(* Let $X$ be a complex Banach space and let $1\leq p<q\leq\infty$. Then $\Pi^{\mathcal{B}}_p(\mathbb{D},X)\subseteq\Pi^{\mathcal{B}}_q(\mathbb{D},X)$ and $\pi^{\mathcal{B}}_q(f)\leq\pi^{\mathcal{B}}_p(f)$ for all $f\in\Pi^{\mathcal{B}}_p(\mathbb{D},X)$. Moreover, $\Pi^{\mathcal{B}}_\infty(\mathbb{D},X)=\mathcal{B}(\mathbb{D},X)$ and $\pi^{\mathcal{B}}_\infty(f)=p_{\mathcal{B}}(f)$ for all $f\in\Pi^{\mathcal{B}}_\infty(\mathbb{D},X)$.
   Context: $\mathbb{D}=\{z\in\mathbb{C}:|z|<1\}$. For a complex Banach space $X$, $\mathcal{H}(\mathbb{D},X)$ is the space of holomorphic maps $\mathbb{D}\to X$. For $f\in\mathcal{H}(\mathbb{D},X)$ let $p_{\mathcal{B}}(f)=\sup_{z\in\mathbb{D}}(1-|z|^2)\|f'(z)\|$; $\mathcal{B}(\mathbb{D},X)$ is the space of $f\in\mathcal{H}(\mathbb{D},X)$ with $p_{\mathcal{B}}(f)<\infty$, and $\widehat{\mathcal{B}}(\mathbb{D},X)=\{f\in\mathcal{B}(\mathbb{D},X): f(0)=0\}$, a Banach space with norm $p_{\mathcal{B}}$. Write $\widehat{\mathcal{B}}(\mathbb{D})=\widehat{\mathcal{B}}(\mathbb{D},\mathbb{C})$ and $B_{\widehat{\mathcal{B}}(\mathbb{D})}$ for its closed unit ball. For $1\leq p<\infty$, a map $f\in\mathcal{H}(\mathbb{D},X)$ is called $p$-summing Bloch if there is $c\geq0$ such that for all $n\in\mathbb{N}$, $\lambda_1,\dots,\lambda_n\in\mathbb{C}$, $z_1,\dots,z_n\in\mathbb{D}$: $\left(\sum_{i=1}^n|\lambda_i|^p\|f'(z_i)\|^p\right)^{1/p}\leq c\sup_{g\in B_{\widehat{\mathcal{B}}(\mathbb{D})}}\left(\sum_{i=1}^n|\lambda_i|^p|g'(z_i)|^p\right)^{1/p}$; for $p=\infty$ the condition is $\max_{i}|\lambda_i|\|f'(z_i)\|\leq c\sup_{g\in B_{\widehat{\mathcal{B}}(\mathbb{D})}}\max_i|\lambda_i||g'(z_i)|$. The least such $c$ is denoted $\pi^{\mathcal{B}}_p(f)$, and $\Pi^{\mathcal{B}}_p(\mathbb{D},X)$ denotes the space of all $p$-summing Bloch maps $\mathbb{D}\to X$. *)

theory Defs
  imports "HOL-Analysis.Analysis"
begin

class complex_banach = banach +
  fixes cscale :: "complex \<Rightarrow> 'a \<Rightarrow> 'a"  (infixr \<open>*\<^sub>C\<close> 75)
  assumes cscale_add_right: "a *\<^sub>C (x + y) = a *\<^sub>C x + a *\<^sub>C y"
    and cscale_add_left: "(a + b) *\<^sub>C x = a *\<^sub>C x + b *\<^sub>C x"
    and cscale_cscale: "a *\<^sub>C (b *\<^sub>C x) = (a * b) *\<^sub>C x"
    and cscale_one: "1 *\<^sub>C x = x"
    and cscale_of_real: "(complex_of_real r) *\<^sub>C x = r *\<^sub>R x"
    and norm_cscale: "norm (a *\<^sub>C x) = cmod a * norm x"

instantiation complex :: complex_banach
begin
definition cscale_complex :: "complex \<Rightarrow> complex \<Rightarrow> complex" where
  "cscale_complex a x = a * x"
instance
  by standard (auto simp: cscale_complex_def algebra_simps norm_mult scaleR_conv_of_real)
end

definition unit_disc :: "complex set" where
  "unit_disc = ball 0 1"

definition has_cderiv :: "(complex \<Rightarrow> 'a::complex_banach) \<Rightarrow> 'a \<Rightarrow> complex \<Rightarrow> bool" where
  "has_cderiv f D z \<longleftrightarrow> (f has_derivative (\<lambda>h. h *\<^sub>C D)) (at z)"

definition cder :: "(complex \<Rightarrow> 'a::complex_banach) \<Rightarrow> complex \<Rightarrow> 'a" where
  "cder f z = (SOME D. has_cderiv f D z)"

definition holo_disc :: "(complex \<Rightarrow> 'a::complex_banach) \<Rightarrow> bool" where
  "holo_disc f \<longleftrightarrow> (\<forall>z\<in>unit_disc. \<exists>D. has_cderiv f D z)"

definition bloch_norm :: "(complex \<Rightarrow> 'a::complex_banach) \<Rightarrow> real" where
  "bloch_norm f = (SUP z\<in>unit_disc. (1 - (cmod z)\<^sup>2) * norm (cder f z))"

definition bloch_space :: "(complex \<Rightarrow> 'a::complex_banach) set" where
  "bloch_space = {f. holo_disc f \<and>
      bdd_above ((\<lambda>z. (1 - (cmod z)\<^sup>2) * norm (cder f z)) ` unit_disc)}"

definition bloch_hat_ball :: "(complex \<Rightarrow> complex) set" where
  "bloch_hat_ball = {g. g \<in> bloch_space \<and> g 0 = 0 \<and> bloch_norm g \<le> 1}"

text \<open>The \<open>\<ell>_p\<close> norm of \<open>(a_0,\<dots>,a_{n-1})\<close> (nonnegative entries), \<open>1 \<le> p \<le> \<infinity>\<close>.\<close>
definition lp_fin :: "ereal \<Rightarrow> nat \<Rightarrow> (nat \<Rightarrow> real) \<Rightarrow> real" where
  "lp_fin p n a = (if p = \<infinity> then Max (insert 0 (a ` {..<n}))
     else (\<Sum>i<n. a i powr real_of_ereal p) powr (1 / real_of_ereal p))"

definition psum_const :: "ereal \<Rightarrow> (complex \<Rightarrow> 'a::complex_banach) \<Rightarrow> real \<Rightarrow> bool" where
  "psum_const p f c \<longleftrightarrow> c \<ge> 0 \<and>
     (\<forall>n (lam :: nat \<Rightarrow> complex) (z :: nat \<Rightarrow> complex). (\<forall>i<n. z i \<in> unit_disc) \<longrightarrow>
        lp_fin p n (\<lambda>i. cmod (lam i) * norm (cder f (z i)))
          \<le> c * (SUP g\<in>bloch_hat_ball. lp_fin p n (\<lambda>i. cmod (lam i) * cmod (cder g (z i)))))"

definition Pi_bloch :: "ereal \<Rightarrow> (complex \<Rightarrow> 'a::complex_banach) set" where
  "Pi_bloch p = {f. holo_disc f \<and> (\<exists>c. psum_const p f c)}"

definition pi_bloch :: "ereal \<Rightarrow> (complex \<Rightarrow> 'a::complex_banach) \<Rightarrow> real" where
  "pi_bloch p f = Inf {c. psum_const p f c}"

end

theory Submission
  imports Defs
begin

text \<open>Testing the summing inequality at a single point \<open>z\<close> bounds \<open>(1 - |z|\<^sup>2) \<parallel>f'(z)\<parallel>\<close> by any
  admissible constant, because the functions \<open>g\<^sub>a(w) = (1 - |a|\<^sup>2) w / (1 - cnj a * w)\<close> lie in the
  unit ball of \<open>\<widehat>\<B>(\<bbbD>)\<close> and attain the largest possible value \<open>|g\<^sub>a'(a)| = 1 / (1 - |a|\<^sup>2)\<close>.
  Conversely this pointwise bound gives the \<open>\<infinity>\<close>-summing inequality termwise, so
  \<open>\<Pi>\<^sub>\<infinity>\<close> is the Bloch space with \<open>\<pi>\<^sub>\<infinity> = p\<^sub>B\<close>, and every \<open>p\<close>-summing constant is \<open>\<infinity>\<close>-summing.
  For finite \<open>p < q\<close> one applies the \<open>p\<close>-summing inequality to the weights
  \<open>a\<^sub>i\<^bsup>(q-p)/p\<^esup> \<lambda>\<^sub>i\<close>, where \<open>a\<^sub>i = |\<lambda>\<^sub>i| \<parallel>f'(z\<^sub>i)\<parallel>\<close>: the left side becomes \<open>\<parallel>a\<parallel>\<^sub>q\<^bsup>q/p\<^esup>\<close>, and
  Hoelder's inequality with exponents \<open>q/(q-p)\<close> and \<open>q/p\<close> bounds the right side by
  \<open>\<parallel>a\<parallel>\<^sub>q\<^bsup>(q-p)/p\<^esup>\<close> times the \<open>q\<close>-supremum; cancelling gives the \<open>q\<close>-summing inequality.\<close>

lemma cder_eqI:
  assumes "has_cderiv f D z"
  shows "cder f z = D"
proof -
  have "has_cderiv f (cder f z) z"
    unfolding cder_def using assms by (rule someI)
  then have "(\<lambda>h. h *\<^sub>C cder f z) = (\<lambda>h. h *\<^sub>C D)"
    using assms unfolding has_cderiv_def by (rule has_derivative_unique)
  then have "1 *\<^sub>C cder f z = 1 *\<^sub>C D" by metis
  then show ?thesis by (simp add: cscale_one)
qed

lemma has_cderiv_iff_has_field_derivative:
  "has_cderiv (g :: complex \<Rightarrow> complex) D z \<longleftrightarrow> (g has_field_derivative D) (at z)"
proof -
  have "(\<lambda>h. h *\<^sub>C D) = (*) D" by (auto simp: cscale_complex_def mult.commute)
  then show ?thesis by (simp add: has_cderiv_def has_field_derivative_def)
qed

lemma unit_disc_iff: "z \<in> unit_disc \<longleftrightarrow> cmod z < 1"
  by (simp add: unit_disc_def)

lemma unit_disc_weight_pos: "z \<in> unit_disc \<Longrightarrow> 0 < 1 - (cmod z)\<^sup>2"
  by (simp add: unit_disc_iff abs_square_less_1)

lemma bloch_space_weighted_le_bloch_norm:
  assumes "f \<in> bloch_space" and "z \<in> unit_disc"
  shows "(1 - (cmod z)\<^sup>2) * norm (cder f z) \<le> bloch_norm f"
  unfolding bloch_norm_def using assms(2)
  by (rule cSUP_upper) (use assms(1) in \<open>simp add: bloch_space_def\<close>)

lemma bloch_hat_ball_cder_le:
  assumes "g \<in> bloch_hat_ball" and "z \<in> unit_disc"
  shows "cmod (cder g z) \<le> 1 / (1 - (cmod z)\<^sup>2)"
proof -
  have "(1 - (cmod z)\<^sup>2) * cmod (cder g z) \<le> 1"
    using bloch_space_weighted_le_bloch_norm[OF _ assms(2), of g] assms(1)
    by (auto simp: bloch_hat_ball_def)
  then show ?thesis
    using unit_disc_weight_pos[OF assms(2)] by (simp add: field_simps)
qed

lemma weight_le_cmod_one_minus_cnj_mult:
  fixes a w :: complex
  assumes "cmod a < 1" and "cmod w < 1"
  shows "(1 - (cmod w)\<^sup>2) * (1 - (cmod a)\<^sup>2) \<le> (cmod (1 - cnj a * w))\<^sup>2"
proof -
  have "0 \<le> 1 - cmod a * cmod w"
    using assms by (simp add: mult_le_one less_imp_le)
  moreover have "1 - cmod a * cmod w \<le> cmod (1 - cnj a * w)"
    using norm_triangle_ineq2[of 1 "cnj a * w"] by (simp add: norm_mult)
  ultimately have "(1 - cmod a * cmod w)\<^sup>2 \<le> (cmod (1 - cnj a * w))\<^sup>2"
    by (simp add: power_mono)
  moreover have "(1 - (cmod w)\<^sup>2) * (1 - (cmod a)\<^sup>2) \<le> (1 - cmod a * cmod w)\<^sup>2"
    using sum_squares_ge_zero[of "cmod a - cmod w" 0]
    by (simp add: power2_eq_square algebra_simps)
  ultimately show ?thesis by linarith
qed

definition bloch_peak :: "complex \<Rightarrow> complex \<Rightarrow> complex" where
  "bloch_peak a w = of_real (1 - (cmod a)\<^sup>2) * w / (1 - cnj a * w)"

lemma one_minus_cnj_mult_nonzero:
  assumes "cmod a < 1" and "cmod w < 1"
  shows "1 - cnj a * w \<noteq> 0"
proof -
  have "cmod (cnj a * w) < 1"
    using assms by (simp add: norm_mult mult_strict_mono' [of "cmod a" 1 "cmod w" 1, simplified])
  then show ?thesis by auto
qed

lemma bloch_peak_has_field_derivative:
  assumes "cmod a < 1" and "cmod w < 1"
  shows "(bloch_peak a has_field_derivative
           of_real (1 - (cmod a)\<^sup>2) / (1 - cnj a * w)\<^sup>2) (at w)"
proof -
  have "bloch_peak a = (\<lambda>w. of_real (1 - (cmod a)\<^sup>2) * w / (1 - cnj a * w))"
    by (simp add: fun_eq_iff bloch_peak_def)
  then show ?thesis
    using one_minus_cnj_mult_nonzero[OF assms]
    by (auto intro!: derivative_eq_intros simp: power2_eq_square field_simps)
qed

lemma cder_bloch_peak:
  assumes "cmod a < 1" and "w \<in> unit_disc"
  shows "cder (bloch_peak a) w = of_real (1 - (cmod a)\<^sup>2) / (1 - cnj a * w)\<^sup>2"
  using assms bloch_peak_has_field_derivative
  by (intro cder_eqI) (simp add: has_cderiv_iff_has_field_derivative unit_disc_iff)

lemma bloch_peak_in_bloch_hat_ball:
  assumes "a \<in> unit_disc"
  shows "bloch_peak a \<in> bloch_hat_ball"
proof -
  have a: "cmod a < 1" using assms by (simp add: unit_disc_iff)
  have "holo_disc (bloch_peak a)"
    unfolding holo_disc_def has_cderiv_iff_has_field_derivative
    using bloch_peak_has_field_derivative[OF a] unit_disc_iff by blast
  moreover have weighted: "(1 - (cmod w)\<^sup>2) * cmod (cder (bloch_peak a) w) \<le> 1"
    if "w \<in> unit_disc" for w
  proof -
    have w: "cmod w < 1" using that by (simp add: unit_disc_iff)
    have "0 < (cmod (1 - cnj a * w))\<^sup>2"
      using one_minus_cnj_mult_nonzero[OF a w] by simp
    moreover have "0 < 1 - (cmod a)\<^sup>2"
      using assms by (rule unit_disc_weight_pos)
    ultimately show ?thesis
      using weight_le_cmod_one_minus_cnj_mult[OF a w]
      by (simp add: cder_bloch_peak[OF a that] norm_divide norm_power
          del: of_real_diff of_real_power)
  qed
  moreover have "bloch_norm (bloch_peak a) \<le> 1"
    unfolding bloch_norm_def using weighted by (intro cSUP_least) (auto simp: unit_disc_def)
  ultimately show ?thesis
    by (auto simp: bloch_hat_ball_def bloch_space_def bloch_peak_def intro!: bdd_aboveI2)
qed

### YOUR GOAL
Scan the entries above for the string "thesis" and copy each line containing it.

### ANSWER AREA
  then show ?thesis by (simp add: cscale_one)
  then show ?thesis by (simp add: has_cderiv_def has_field_derivative_def)
  then show ?thesis
  ultimately show ?thesis by linarith
  then show ?thesis by auto
  then show ?thesis
    ultimately show ?thesis
  ultimately show ?thesis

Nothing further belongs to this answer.